— Ты счел бы то, что я скажу, смехотворным — даже отталкивающим, — если бы был в сознании, — и все же, в клинике меня постигло подобие духовного пробуждения. Естественно, — Бэз почти хмыкнул, — узнать, что умрешь хрен знает насколько раньше, чем ты рассчитывал, полагая, что ад ждет тебя еще очень не скоро, это ведь тоже помогает. А кроме того, ты заводишь в таких местах близких друзей, Генри; тебя швыряют в гущу самых разных людей и ты либо научаешься любить их, либо кончаешь тем, что сходишь с ума от ненависти к себе. Я подружился с малым по прозвищу Медведь. Он был гребанным гангстером, убивал людей, он вырос в новостройках Чикаго, был чернокожим. Черт, он даже не был педерастом, он насиловалих в Федеральной тюрьме, — но он-то и помог мне, когда я получил диагноз.

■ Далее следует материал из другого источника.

section \<open>Every Galton--Watson process has the generation laws gen_law\<close>

fun path_law :: "(nat \<Rightarrow> popstate pmf) \<Rightarrow> nat pmf \<Rightarrow> nat \<Rightarrow> popstate list pmf" where
  "path_law p \<mu> 0 = map_pmf (\<lambda>i. [unitvec i]) \<mu>"
| "path_law p \<mu> (Suc n) =
     bind_pmf (path_law p \<mu> n) (\<lambda>xs. map_pmf (\<lambda>y. xs @ [y]) (gw_kernel p (last xs)))"

lemma path_law_last: "map_pmf last (path_law p \<mu> n) = gen_law p \<mu> n"
proof (induction n)
  case (Suc n)
  have "map_pmf last (path_law p \<mu> (Suc n)) = bind_pmf (path_law p \<mu> n) (\<lambda>xs. gw_kernel p (last xs))"
    by (simp add: map_bind_pmf map_pmf_comp)
  also have "\<dots> = bind_pmf (map_pmf last (path_law p \<mu> n)) (gw_kernel p)"
    by (simp add: bind_map_pmf)
  finally show ?case using Suc by simp
qed (simp add: map_pmf_comp)

lemma path_law_length: "xs \<in> set_pmf (path_law p \<mu> n) \<Longrightarrow> length xs = Suc n"
  by (induction n arbitrary: xs) auto

(* The probability weight that the definition of gw_process assigns to a path. *)
definition path_weight :: "(nat \<Rightarrow> popstate pmf) \<Rightarrow> nat pmf \<Rightarrow> popstate list \<Rightarrow> real" where
  "path_weight p \<mu> xs = pmf (map_pmf unitvec \<mu>) (hd xs) *
     (\<Prod>k < length xs - 1. pmf (gw_kernel p (xs ! k)) (xs ! Suc k))"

Словно в некоем рекламном ролике приюта для раковых больных, двое мужчин брели вдоль озера в лишавшем обоих материальности сиянии солнца на синей воде. Бэз шел с Медведем по этому уместно лесистому ландшафту, и чернокожий крепыш обнимал рукой его узкие плечи. Знаешь, Бэз, — говорил он, — нет таких слов, которые способны помочь человеку.
— Тут ты охеренно прав, Медведь.
— Помню, когда мне сказали, я просто визжал и плакал. Это напомнило мне о каждой клятой машинке, какую я держал в руках за мою жалкую жизнь. Точно все их жала воткнулись в меня вроде стрел или пик. Я так выл, что на ночь меня пришлось поместить в Окружную. Сам наставник меня и отвез…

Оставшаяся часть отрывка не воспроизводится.